On the neck of the fermentation tank, install a water seal or a medical glove with a hole in one of the fingers (pierce with a needle). Transfer the rye mash to a dark place (or cover) with a stable temperature of 18-27°C.

Rye moonshine from grain or flour with malt
Designs of water seals for wine, mash and beer

Depending on the yeast, temperature and amount of sugar, fermentation lasts 4-12 days. Signs of readiness for distillation: the water seal has stopped bubbling or the glove has deflated, the mash has become noticeably lighter than originally, the taste is bitter with a slight sourness, but without sweetness.
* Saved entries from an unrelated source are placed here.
(* Consider the robot rendezvous system $$\dot{x}_k(t)=x_{k-1}(t)-x_k(t),\quad k\in\mathbb{Z},\ t\ge0,$$ with a good initial constellation $x_0=(x_k(0))_{k\in\mathbb{Z}}\in\ell^\infty(\mathbb{Z})$. Suppose there is $c\in\mathbb{C}$ such that $$\sup_{k\in\mathbb{Z}}\bigg|\frac{1}{n}\sum_{j=1}^n x_{k-j}(0)-c\bigg|=O(n^{-1})\quad\text{as } n\to\infty.$$ Then $\sup_{k\in\mathbb{Z}}|x_k(t)-c|=O(t^{-1/2})$ as $t\to\infty$.
   Context: $\ell^\infty(\mathbb{Z})$ is the Banach space of bounded doubly infinite complex sequences with the supremum norm. $S$ denotes the right-shift operator on $\ell^\infty(\mathbb{Z})$, $S(x_k)=(x_{k-1})$. For $x_0\in\ell^\infty(\mathbb{Z})$, the solution of the system is $x(t)=(x_k(t))_{k\in\mathbb{Z}}=\exp(t(S-I))x_0$, $t\ge0$. An initial constellation $x_0\in\ell^\infty(\mathbb{Z})$ is called good if there exist constants $c_k\in\mathbb{C}$, $k\in\mathbb{Z}$, such that the corresponding solution satisfies $\sup_{k\in\mathbb{Z}}|x_k(t)-c_k|\to0$ as $t\to\infty$. For nonnegative functions, $a(t)=O(b(t))$ as $t\to\infty$ means there is $C>0$ with $a(t)\le Cb(t)$ for all sufficiently large $t$; similarly for sequences. *)

theory Defs
  imports "HOL-Analysis.Analysis" "HOL-Library.Landau_Symbols"
begin

text \<open>The Banach space l-infinity over the integers: bounded (automatically continuous,
  as int carries the discrete topology) complex sequences, with the sup norm.\<close>
type_synonym linf = "int \<Rightarrow>\<^sub>C complex"

definition shiftR :: "linf \<Rightarrow>\<^sub>L linf" where
  "shiftR = Blinfun (\<lambda>f. Bcontfun (\<lambda>k. apply_bcontfun f (k - 1)))"

definition op_pow :: "linf \<Rightarrow>\<^sub>L linf \<Rightarrow> nat \<Rightarrow> linf \<Rightarrow>\<^sub>L linf" where
  "op_pow A n = ((\<lambda>B. A o\<^sub>L B) ^^ n) id_blinfun"

definition op_exp :: "linf \<Rightarrow>\<^sub>L linf \<Rightarrow> linf \<Rightarrow>\<^sub>L linf" where
  "op_exp A = (\<Sum>n. (1 / fact n) *\<^sub>R op_pow A n)"

definition rsol :: "real \<Rightarrow> linf \<Rightarrow> linf" where
  "rsol t x0 = blinfun_apply (op_exp (t *\<^sub>R (shiftR - id_blinfun))) x0"

definition good :: "linf \<Rightarrow> bool" where
  "good x0 \<longleftrightarrow> (\<exists>c :: int \<Rightarrow> complex. \<forall>\<epsilon>>0. eventually
      (\<lambda>t. \<forall>k. cmod (apply_bcontfun (rsol t x0) k - c k) \<le> \<epsilon>) at_top)"

end

theory Submission
  imports Defs
begin

text \<open>The solution is \<open>x(t) = e\<^sup>-\<^sup>t e\<^sup>t\<^sup>S x\<^sub>0\<close>, so \<open>x\<^sub>k(t) = \<Sum>\<^sub>m \<pi>\<^sub>t(m) x\<^sub>0(k - m)\<close> with the Poisson
  weights \<open>\<pi>\<^sub>t(m) = e\<^sup>-\<^sup>t t\<^sup>m / m!\<close>. As the weights sum to 1, \<open>x\<^sub>k(t) - c = \<Sum>\<^sub>m \<pi>\<^sub>t(m) d\<^sub>m\<close> with
  \<open>d\<^sub>m = x\<^sub>0(k - m) - c\<close>, and the hypothesis amounts to saying that the partial sums \<open>d\<^sub>1 + \<dots> + d\<^sub>n\<close>
  are bounded uniformly in \<open>k\<close> and \<open>n\<close>. Abel summation then bounds \<open>x\<^sub>k(t) - c\<close>, up to the
  exponentially small term \<open>\<pi>\<^sub>t(0) d\<^sub>0\<close>, by that bound times the total variation of \<open>\<pi>\<^sub>t\<close>.
  Since \<open>\<pi>\<^sub>t(m) - \<pi>\<^sub>t(m+1) = \<pi>\<^sub>t(m+1) (m + 1 - t) / t\<close> and \<open>2 \<surd>t \<bar>u\<bar> \<le> u\<^sup>2 + t\<close>, the total variation is at most
  \<open>E(N - t)\<^sup>2 / (2 t\<^sup>3\<^sup>/\<^sup>2) + 1 / (2 \<surd>t) = 1 / \<surd>t\<close> for a Poisson variable \<open>N\<close> of variance \<open>t\<close>.\<close>

text \<open>The discrete metric on \<open>int\<close>; it makes \<open>linf\<close> a Banach space, so that the exponential
  series defining the solution converges.\<close>

instantiation int :: metric_space
begin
Getting moonshine from rye

5. First distillation

Filter the mash that has won back through gauze and pour into the distillation cube of the moonshine still. Without filtration, solid particles can burn when heated. Overtake the first time without division into fractions. Finish the process when the outlet strength in the jet falls below 25 degrees.

6. Preparation for fractional distillation

Measure the total strength of the resulting distillate. Calculate the amount of absolute alcohol: multiply the strength in degrees by the volume in liters and divide by 100. Dilute the moonshine with water to 18-20%.

Theoretically, at this stage, cleaning with coal or other methods (except for soda and potassium permanganate) is possible. But to preserve the rye flavor, I recommend refusing to clean it, since the second distillation will give excellent quality anyway.

7. Second distillation and finishing

Distill the diluted rye moonshine again with separation into fractions: collect the first 12-15% of the amount of absolutely alcohol (until an unpleasant smell is felt) separately. This is the “head” – a harmful fraction that contains dangerous impurities, you can not drink it.

Select the main product (called the “body”) until the strength in the jet drops below 42 degrees, then finish distillation or collect the “tails” in another container.

Dilute ready-made rye moonshine (“body”) with clean, high-quality water up to 40-45%, pour into glass containers and seal tightly. Let it stand for 2-3 days so that the reactions of mixing alcohol with water are completed, then the taste and aroma will noticeably improve.